Давид снова с удивлением посмотрел на Савосю, а тот снова пожал плечами.

— Мы к этому отношения не имеем, — заявил он.

— Ну, я бомжей выпустил, — кивнул я.

— А зачем выпустил?

— Так живые же люди. К тому же этот Алёша меня самого, но не в этот раз, а месяц назад примерно, в такую же дыру привёз и затолкал. Я еле свалил в тот раз. Грузовик у них угнал и дёрнул.

— Как так вышло-то?

— Ну вот так. Был там у них один такой деятель, Харитоном звали.

— Ну ты, парень, я смотрю, любитель попадать в истории.

— Да нет, Давид Георгиевич, я в истории попадать не люблю. Но Руднёв послал, что было делать-то? Я же на работе.

— Хорошо.

— Ну вот и всё, собственно

— М-да…

Давид почесал заросший щетиной подбородок и задумался.

— Интересно, а ты Панюшкина знаешь? — спросил он, выйдя из задумчивости.

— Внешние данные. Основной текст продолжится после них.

(* Let $W$ be an irreducible finite Weyl group with (connected) Dynkin diagram $\Gamma$. For any nested set $\mathcal{N}$ on $\Gamma$, the element $w(\mathcal{N})=\prod_{J\in\mathcal{N}}w_0(J)$, with the product taken in a monotonic order of $\mathcal{N}$, is separable.
   Context: $\Phi$ is a finite crystallographic root system with simple roots $\Delta$, positive roots $\Phi^+$, Weyl group $W=W(\Phi)$; $I_\Phi(w)=\{\beta\in\Phi^+:w\beta\in-\Phi^+\}$. For $J\subseteq\Delta$, $W_J$ is the parabolic subgroup generated by $\{s_\alpha:\alpha\in J\}$ and $w_0(J)$ its longest element. Root poset: $\beta\leq\beta'$ iff $\beta'-\beta$ is a nonnegative combination of simple roots. $\Phi_J$ is the set of roots in the span of $J$; for a subsystem $\Phi'=\Phi\cap V$, $w|_{\Phi'}\in W(\Phi')$ is the element with inversion set $I_\Phi(w)\cap V$. $w$ is separable if (S1) $\Phi$ has type $A_1$; or (S2) $\Phi=\bigoplus\Phi_i$ is reducible and each $w|_{\Phi_i}$ is separable; or (S3) $\Phi$ is irreducible and some $\alpha_i\in\Delta$ has $w|_{\Phi_{\Delta\setminus\{\alpha_i\}}}$ separable and either $\{\beta\in\Phi^+:\beta\geq\alpha_i\}\subseteq I_\Phi(w)$ or this set is disjoint from $I_\Phi(w)$. The Dynkin diagram $\Gamma$ is the simple graph on $\Delta$ with an edge between $\alpha,\alpha'$ whenever $s_\alpha,s_{\alpha'}$ do not commute. A nested set on $\Gamma$ is a collection $\mathcal{N}$ of vertex subsets satisfying (N1) each $J\in\mathcal{N}$ induces a connected subgraph; (N2) any two elements are nested or disjoint; (N3) the union of any $k\geq2$ pairwise disjoint elements induces a disconnected subgraph. A total order on $\mathcal{N}$ is monotonic if $J$ comes after $I$ whenever $J\subseteq I$. *)

theory Defs
  imports "HOL-Analysis.Analysis"
begin

definition rrefl :: "'a::euclidean_space \<Rightarrow> 'a \<Rightarrow> 'a" where
  "rrefl a x = x - (2 * (x \<bullet> a) / (a \<bullet> a)) *\<^sub>R a"

definition root_system :: "'a::euclidean_space set \<Rightarrow> bool" where
  "root_system \<Phi> \<longleftrightarrow> finite \<Phi> \<and> 0 \<notin> \<Phi>
     \<and> (\<forall>a\<in>\<Phi>. \<forall>b\<in>\<Phi>. rrefl a b \<in> \<Phi>)
     \<and> (\<forall>a\<in>\<Phi>. \<forall>b\<in>\<Phi>. 2 * (b \<bullet> a) / (a \<bullet> a) \<in> \<int>)
     \<and> (\<forall>a\<in>\<Phi>. \<forall>c::real. c *\<^sub>R a \<in> \<Phi> \<longrightarrow> c = 1 \<or> c = -1)"

definition is_base :: "'a::euclidean_space set \<Rightarrow> 'a set \<Rightarrow> bool" where
  "is_base \<Phi> \<Delta> \<longleftrightarrow> \<Delta> \<subseteq> \<Phi> \<and> independent \<Delta>
     \<and> (\<forall>b\<in>\<Phi>. \<exists>c. (\<forall>a\<in>\<Delta>. c a \<in> \<int>)
            \<and> ((\<forall>a\<in>\<Delta>. c a \<ge> 0) \<or> (\<forall>a\<in>\<Delta>. c a \<le> 0))
            \<and> b = (\<Sum>a\<in>\<Delta>. c a *\<^sub>R a))"

definition nonneg_comb :: "'a::euclidean_space set \<Rightarrow> 'a \<Rightarrow> bool" where
  "nonneg_comb \<Delta> v \<longleftrightarrow> (\<exists>c. (\<forall>a\<in>\<Delta>. c a \<ge> 0) \<and> v = (\<Sum>a\<in>\<Delta>. c a *\<^sub>R a))"

definition pos_roots :: "'a::euclidean_space set \<Rightarrow> 'a set \<Rightarrow> 'a set" where
  "pos_roots \<Phi> \<Delta> = {b \<in> \<Phi>. nonneg_comb \<Delta> b}"

definition root_le :: "'a::euclidean_space set \<Rightarrow> 'a \<Rightarrow> 'a \<Rightarrow> bool" where
  "root_le \<Delta> b b' \<longleftrightarrow> nonneg_comb \<Delta> (b' - b)"

definition inv_set :: "'a::euclidean_space set \<Rightarrow> 'a set \<Rightarrow> ('a \<Rightarrow> 'a) \<Rightarrow> 'a set" where
  "inv_set \<Phi> \<Delta> w = {b \<in> pos_roots \<Phi> \<Delta>. - (w b) \<in> pos_roots \<Phi> \<Delta>}"

definition dyn_edge :: "'a::euclidean_space \<Rightarrow> 'a \<Rightarrow> bool" where
  "dyn_edge a b \<longleftrightarrow> a \<noteq> b \<and> rrefl a \<circ> rrefl b \<noteq> rrefl b \<circ> rrefl a"

definition dyn_connected :: "'a::euclidean_space set \<Rightarrow> bool" where
  "dyn_connected S \<longleftrightarrow> S \<noteq> {} \<and>
     (\<forall>x\<in>S. \<forall>y\<in>S. (x, y) \<in> {(a, b). a \<in> S \<and> b \<in> S \<and> dyn_edge a b}\<^sup>*)"

definition dyn_components :: "'a::euclidean_space set \<Rightarrow> 'a set set" where
  "dyn_components D = {C. C \<subseteq> D \<and> dyn_connected C \<and>
      (\<forall>E. C \<subseteq> E \<and> E \<subseteq> D \<and> dyn_connected E \<longrightarrow> E = C)}"

text \<open>sep_set Phi Delta N: the element of W(Phi) whose inversion set is N is separable.
  Restrictions to parabolic subsystems Phi cap span J (with simple roots J) are
  encoded by intersecting the inversion set with span J.\<close>
inductive sep_set :: "'a::euclidean_space set \<Rightarrow> 'a set \<Rightarrow> 'a set \<Rightarrow> bool" where
  S1: "card \<Delta> = 1 \<Longrightarrow> sep_set \<Phi> \<Delta> N"
| S2: "\<Delta> \<noteq> {} \<Longrightarrow> \<not> dyn_connected \<Delta> \<Longrightarrow>
       (\<forall>C\<in>dyn_components \<Delta>. sep_set (\<Phi> \<inter> span C) C (N \<inter> span C)) \<Longrightarrow>
       sep_set \<Phi> \<Delta> N"
| S3: "dyn_connected \<Delta> \<Longrightarrow> a \<in> \<Delta> \<Longrightarrow>
       sep_set (\<Phi> \<inter> span (\<Delta> - {a})) (\<Delta> - {a}) (N \<inter> span (\<Delta> - {a})) \<Longrightarrow>
       ({b \<in> pos_roots \<Phi> \<Delta>. root_le \<Delta> a b} \<subseteq> N \<or>
        {b \<in> pos_roots \<Phi> \<Delta>. root_le \<Delta> a b} \<inter> N = {}) \<Longrightarrow>
       sep_set \<Phi> \<Delta> N"

definition separable :: "'a::euclidean_space set \<Rightarrow> 'a set \<Rightarrow> ('a \<Rightarrow> 'a) \<Rightarrow> bool" where
  "separable \<Phi> \<Delta> w \<longleftrightarrow> sep_set \<Phi> \<Delta> (inv_set \<Phi> \<Delta> w)"

definition weyl_word :: "'a::euclidean_space list \<Rightarrow> 'a \<Rightarrow> 'a" where
  "weyl_word xs = foldr (\<lambda>a f. rrefl a \<circ> f) xs id"

definition parabolic :: "'a::euclidean_space set \<Rightarrow> ('a \<Rightarrow> 'a) set" where
  "parabolic J = {weyl_word xs | xs. set xs \<subseteq> J}"

definition cox_length :: "'a::euclidean_space set \<Rightarrow> ('a \<Rightarrow> 'a) \<Rightarrow> nat" where
  "cox_length J w = (LEAST n. \<exists>xs. set xs \<subseteq> J \<and> length xs = n \<and> weyl_word xs = w)"

definition longest :: "'a::euclidean_space set \<Rightarrow> 'a \<Rightarrow> 'a" where
  "longest J = (THE w. w \<in> parabolic J \<and> (\<forall>v\<in>parabolic J. cox_length J v \<le> cox_length J w))"

definition nested_set :: "'a::euclidean_space set \<Rightarrow> 'a set set \<Rightarrow> bool" where
  "nested_set \<Delta> \<N> \<longleftrightarrow>
     (\<forall>J\<in>\<N>. J \<subseteq> \<Delta> \<and> dyn_connected J)
   \<and> (\<forall>I\<in>\<N>. \<forall>J\<in>\<N>. I \<subseteq> J \<or> J \<subseteq> I \<or> I \<inter> J = {})
   \<and> (\<forall>K \<subseteq> \<N>. 2 \<le> card K \<and> (\<forall>I\<in>K. \<forall>J\<in>K. I \<noteq> J \<longrightarrow> I \<inter> J = {})
        \<longrightarrow> \<not> dyn_connected (\<Union>K))"

definition monotonic_order :: "'a set list \<Rightarrow> 'a set set \<Rightarrow> bool" where
  "monotonic_order Js \<N> \<longleftrightarrow> distinct Js \<and> set Js = \<N> \<and>
     (\<forall>i < length Js. \<forall>j < length Js. i \<noteq> j \<and> Js ! j \<subseteq> Js ! i \<longrightarrow> i < j)"

definition nested_product :: "'a::euclidean_space set list \<Rightarrow> 'a \<Rightarrow> 'a" where
  "nested_product Js = foldr (\<lambda>J f. longest J \<circ> f) Js id"

end

theory Submission
  imports Defs
begin

text \<open>
  Induction on the rank. If the Dynkin diagram of \<open>E\<close> is disconnected, simple roots in
  different components are orthogonal, so a factor \<open>w\<^sub>0(J)\<close> with \<open>J\<close> outside a component \<open>C\<close>
  fixes \<open>span C\<close> pointwise; on \<open>span C\<close> the element acts as the product over the members
  inside \<open>C\<close>. If \<open>E\<close> is connected, the maximal members of \<open>\<N> - {E}\<close> are pairwise disjoint
  and, by (N3), cannot cover \<open>E\<close>; pick a vertex \<open>a\<close> in none of them. The product \<open>w'\<close> over
  \<open>\<N> - {E}\<close> lies in \<open>W\<^bsub>E-{a}\<^esub>\<close>, so it preserves the \<open>a\<close>-coordinate of every root and
  inverts no root \<open>\<ge> a\<close>. If \<open>E \<notin> \<N>\<close> the element is \<open>w'\<close> and (S3) applies. Otherwise it is
  \<open>w\<^sub>0(E) w'\<close>; as \<open>w\<^sub>0(E)\<close> negates every positive root of \<open>span E\<close>, it inverts every root
  \<open>\<ge> a\<close> and, inside \<open>span (E - {a})\<close>, exactly the positive roots not inverted by \<open>w'\<close>, and
  separability survives this complementation. The needed property of \<open>w\<^sub>0(J)\<close> comes from
  \<open>\<ell>(w) = |I(w)|\<close>, which follows from the deletion condition.
\<close>

section \<open>Reflections and words in simple reflections\<close>

lemma linear_rrefl: "linear (rrefl a)"
  unfolding rrefl_def
  by (rule linearI) (simp_all add: add_divide_distrib algebra_simps)

lemma rrefl_inner: "a \<noteq> 0 \<Longrightarrow> rrefl a x \<bullet> rrefl a y = x \<bullet> y"
  unfolding rrefl_def
  by (simp add: inner_diff_left inner_diff_right inner_commute field_simps power2_eq_square)

lemma rrefl_self: "a \<noteq> 0 \<Longrightarrow> rrefl a a = - a"
  by (simp add: rrefl_def scaleR_2)

lemma rrefl_fixes_orthogonal: "x \<bullet> a = 0 \<Longrightarrow> rrefl a x = x"
  by (simp add: rrefl_def)

lemma rrefl_rrefl:
  assumes "a \<noteq> 0"
  shows "rrefl a (rrefl a x) = x"
proof -
  have "rrefl a x \<bullet> a = - (x \<bullet> a)"
    using rrefl_inner[OF assms, of x a] rrefl_self[OF assms] by simp
  then show ?thesis
    by (simp add: rrefl_def)
qed

lemma rrefl_minus_in_span: "rrefl a x - x \<in> span {a}"
  unfolding rrefl_def by (simp add: span_base span_scale span_neg)

lemma rrefl_conjugate:
  assumes "linear w" "\<And>x y. w x \<bullet> w y = x \<bullet> y"
  shows "w (rrefl a x) = rrefl (w a) (w x)"
  unfolding rrefl_def using assms by (simp add: linear_diff linear_scale)

lemma weyl_word_Nil [simp]: "weyl_word [] = id"
  by (simp add: weyl_word_def)

lemma weyl_word_Cons: "weyl_word (a # xs) = rrefl a \<circ> weyl_word xs"
  by (simp add: weyl_word_def)

lemma weyl_word_Cons_apply: "weyl_word (a # xs) x = rrefl a (weyl_word xs x)"
  by (simp add: weyl_word_def)

lemma weyl_word_append: "weyl_word (xs @ ys) = weyl_word xs \<circ> weyl_word ys"
  by (induction xs) (simp_all add: weyl_word_Cons o_assoc)

lemma weyl_word_snoc_apply: "weyl_word (xs @ [a]) x = weyl_word xs (rrefl a x)"
  by (simp add: weyl_word_append weyl_word_Cons)

lemma linear_weyl_word: "linear (weyl_word xs)"
proof (induction xs)
  case (Cons a xs)
  then show ?case
    unfolding weyl_word_Cons by (rule linear_compose[OF _ linear_rrefl])
qed (simp only: weyl_word_Nil linear_id)

lemma weyl_word_uminus: "weyl_word xs (- x) = - weyl_word xs x"
  using linear_weyl_word by (rule linear_neg)

lemma weyl_word_inner: "0 \<notin> set xs \<Longrightarrow> weyl_word xs x \<bullet> weyl_word xs y = x \<bullet> y"
  by (induction xs) (auto simp: weyl_word_Cons_apply rrefl_inner)

lemma weyl_word_rev_inverse: "0 \<notin> set xs \<Longrightarrow> weyl_word xs (weyl_word (rev xs) x) = x"
  by (induction xs arbitrary: x rule: rev_induct) (auto simp: weyl_word_Cons_apply weyl_word_snoc_apply rrefl_rrefl)

lemma weyl_word_minus_in_span: "set xs \<subseteq> K \<Longrightarrow> weyl_word xs x - x \<in> span K"
proof (induction xs)
  case (Cons a xs)
  have "rrefl a (weyl_word xs x) - weyl_word xs x \<in> span K"
    using rrefl_minus_in_span span_mono[of "{a}" K] Cons.prems by auto
  moreover have "weyl_word xs x - x \<in> span K"
    using Cons by simp
  ultimately show ?case
    unfolding weyl_word_Cons_apply by (metis span_add diff_add_cancel add_diff_eq)
qed (simp add: span_zero)

lemma weyl_word_in_span: "set xs \<subseteq> K \<Longrightarrow> x \<in> span K \<Longrightarrow> weyl_word xs x \<in> span K"
  by (metis weyl_word_minus_in_span span_add diff_add_cancel)

lemma weyl_word_fixes_orthogonal: "set xs \<subseteq> K \<Longrightarrow> (\<forall>a\<in>K. x \<bullet> a = 0) \<Longrightarrow> weyl_word xs x = x"
  by (induction xs) (auto simp: weyl_word_Cons_apply rrefl_fixes_orthogonal)

lemma weyl_word_in_parabolic: "set xs \<subseteq> J \<Longrightarrow> weyl_word xs \<in> parabolic J"
  unfolding parabolic_def by blast

lemma id_in_parabolic: "id \<in> parabolic J"
  using weyl_word_in_parabolic[of "[]"] by simp

lemma cox_length_le: "set xs \<subseteq> J \<Longrightarrow> cox_length J (weyl_word xs) \<le> length xs"
  unfolding cox_length_def by (rule Least_le) blast

lemma cox_length_attained:
  assumes "w \<in> parabolic J"
  obtains xs where "set xs \<subseteq> J" "length xs = cox_length J w" "weyl_word xs = w"
proof -
  have "\<exists>n xs. set xs \<subseteq> J \<and> length xs = n \<and> weyl_word xs = w"
    using assms unfolding parabolic_def by blast
  from LeastI_ex[OF this] show ?thesis
    using that unfolding cox_length_def by blast
qed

— Усы что ли? Ну знаю, как не знать.

— Откуда?

— Так он же прессовал меня. Похищал, увозил на заводик свой, документы требовал. Я так понимаю, он под Раждакйным ходит?

— А Раждайкина, откуда знаешь?

— Давид Георгиевич, вы меня удивляете. Вы как будто не из этой организации.

— Я спрашиваю, ты отвечаешь, — спокойно и безо всякого раздражения ответил он.

— Так он меня тоже прессовал, — пожал я плечами. — Он застрелил того самого Харитона, босса этого Алёши, про которого я только что рассказывал. И хотел повесить на меня это дело. А до этого ещё очень сильно расстраивался, что ему шеф, я так понимаю, Никита Антонович, не дал меня запытать до смерти. Говорят, он за свои штучки присесть может.

— А за что конкретно он может присесть, ты знаешь? — прищурился Давид.

Он спрашивал и наблюдал, в надежде, что я проколюсь или поплыву, не сумев дать верный ответ.

— Ну, так за этого Харитона, — развёл я руками, — За вьетнамца, который был, боссом Алёши. У них там вообще какая-то конченая мафия, старьёвщики, цыгане, хер поймёшь с этими бомжами. Он же хотел на меня стрелки перевести, но что-то, видать, не так пошло.

— И что пошло не так?

— Я не знаю.

— А ты видел оружие, из которого был убит этот… вьетнамец?

— Нет, откуда?

— А как он пытался тебя подставить?

— Ну блин, Давид Георгиевич! Я поймал вьетнамца… и посадил под замок. Потому что он тоже меня прессовал по указке Раждайкина. А пока я метнулся по делам, этот Раждайкин пришёл и замочил его.

— Нет, правда, удивляюсь я, — покачал головой Давид Георгиевич. — Савося, может, ты мне объяснишь что-нибудь?

— Давид Георгиевич! Вы что! Я вообще всё это впервые слышу. Я ни ухом, ни рылом об этом деле. С меня не спрашивайте. Это же Никита тут ниточки дёргал!

— Пацан, малолетка, школьник, да ещё неуспевающий, — поражённо проговорил Давид. — Вы тут ему такую мясорубку устроили, а он вас всех сделал. Как так, Серёжа? Может, тебе помогал кто?

Держись, держись Крас. Главное, не сфальшивить. Играю рооль, такую роль…

— Во-первых, — хмыкнул я, — это я раньше неуспевающим был. Там типа драма сердечная. Дурь подростковая, знаете? Бывает, гуси летят.

— То есть хочешь сказать, что у тебя гуси летели?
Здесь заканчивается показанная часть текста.